Could you please find each line in the records that contains the word "section" and copy it?

[Collected data]
══════════════════════════════

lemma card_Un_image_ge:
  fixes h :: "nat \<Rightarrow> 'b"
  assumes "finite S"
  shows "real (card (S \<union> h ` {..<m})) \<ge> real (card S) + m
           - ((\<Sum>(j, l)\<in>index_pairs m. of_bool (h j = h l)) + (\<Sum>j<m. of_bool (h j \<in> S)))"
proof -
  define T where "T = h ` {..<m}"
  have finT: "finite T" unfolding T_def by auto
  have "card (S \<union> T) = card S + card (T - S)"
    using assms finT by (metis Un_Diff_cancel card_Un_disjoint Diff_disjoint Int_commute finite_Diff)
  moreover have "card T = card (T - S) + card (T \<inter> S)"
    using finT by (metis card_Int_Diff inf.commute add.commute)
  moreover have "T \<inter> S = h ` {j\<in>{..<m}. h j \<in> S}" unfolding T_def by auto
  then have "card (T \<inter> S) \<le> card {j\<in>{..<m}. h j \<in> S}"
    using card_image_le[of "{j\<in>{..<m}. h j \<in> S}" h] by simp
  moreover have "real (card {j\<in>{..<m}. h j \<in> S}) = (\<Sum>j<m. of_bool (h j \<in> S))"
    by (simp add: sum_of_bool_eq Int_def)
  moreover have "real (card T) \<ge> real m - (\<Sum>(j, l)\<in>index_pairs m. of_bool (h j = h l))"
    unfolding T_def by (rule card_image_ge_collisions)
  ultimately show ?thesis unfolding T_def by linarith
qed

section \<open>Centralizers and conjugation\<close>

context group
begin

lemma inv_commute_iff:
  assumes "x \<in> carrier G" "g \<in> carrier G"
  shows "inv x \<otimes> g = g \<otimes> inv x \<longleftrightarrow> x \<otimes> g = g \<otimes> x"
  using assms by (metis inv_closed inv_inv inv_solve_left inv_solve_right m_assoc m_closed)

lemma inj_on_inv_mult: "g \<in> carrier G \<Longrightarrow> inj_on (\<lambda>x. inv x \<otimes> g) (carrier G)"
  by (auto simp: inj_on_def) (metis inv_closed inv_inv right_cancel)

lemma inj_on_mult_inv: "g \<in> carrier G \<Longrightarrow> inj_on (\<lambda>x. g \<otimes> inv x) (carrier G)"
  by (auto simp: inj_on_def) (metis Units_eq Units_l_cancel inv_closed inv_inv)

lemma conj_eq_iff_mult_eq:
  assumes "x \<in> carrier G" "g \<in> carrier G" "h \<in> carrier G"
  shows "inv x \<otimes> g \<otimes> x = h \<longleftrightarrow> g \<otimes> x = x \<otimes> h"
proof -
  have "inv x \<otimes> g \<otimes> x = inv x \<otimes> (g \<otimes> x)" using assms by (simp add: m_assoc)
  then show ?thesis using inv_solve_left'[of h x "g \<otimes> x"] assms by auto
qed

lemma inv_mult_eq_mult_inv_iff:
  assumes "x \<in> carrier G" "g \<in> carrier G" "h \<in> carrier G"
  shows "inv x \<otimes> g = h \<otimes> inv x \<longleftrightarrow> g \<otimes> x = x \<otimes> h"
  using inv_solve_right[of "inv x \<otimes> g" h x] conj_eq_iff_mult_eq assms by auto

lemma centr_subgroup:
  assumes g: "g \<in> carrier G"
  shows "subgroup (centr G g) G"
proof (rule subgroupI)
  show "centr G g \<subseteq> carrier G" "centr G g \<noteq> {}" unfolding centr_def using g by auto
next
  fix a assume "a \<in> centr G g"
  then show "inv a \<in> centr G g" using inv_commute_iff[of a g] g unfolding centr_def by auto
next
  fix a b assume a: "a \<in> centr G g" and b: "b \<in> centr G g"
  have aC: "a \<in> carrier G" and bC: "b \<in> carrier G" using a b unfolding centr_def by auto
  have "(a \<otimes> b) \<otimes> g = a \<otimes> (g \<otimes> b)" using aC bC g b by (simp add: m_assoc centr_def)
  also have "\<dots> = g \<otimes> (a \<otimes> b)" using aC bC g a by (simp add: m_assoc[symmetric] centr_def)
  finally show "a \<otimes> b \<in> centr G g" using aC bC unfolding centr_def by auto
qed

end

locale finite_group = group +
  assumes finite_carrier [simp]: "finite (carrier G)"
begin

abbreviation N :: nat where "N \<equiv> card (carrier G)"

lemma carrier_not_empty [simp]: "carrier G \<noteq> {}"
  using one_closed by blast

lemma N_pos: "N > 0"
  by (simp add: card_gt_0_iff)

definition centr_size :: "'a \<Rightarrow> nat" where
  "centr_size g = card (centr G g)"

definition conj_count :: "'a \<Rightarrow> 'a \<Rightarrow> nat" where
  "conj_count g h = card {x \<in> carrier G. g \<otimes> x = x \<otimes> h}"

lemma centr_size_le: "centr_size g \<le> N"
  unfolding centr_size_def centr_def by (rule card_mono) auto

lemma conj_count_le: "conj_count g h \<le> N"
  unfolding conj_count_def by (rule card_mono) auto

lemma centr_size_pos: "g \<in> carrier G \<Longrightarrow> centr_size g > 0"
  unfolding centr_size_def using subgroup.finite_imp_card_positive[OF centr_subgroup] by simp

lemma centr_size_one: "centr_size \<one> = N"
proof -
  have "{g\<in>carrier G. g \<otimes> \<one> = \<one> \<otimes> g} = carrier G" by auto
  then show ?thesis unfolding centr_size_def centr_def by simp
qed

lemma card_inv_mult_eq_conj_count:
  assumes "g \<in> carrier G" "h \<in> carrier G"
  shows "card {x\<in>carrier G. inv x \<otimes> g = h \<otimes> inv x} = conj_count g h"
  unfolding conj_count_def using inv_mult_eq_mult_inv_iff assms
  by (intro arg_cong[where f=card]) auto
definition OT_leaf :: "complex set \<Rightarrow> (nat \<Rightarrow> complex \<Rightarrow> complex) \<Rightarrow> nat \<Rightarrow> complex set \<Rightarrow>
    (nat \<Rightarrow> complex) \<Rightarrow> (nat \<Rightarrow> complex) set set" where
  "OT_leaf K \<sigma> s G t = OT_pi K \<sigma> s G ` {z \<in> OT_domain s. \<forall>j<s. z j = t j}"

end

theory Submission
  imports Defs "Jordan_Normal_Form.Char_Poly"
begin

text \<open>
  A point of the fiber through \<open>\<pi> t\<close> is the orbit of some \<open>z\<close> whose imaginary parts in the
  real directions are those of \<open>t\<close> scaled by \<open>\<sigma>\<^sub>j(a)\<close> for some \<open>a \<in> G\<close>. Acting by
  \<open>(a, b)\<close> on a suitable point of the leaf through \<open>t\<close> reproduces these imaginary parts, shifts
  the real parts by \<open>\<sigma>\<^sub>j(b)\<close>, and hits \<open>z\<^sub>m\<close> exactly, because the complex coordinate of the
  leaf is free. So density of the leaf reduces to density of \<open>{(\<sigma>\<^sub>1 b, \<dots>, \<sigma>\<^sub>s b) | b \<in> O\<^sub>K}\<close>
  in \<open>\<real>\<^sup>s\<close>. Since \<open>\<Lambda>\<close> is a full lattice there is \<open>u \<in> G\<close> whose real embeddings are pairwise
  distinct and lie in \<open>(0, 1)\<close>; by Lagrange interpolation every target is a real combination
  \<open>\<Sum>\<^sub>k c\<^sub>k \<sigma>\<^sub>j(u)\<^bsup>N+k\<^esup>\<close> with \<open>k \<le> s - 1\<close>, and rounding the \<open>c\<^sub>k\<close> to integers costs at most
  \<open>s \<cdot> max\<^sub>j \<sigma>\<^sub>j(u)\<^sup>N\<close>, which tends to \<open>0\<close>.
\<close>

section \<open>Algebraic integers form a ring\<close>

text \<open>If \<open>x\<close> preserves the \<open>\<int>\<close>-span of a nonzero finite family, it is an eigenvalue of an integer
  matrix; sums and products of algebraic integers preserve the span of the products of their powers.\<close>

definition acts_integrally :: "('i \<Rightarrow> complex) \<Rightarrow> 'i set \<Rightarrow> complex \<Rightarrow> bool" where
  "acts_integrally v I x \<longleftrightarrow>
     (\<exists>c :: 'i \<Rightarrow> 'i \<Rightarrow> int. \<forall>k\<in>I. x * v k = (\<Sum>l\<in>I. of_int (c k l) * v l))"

══════════════════════════════

[Exercise result]
section \<open>Centralizers and conjugation\<close>
section \<open>Algebraic integers form a ring\<close>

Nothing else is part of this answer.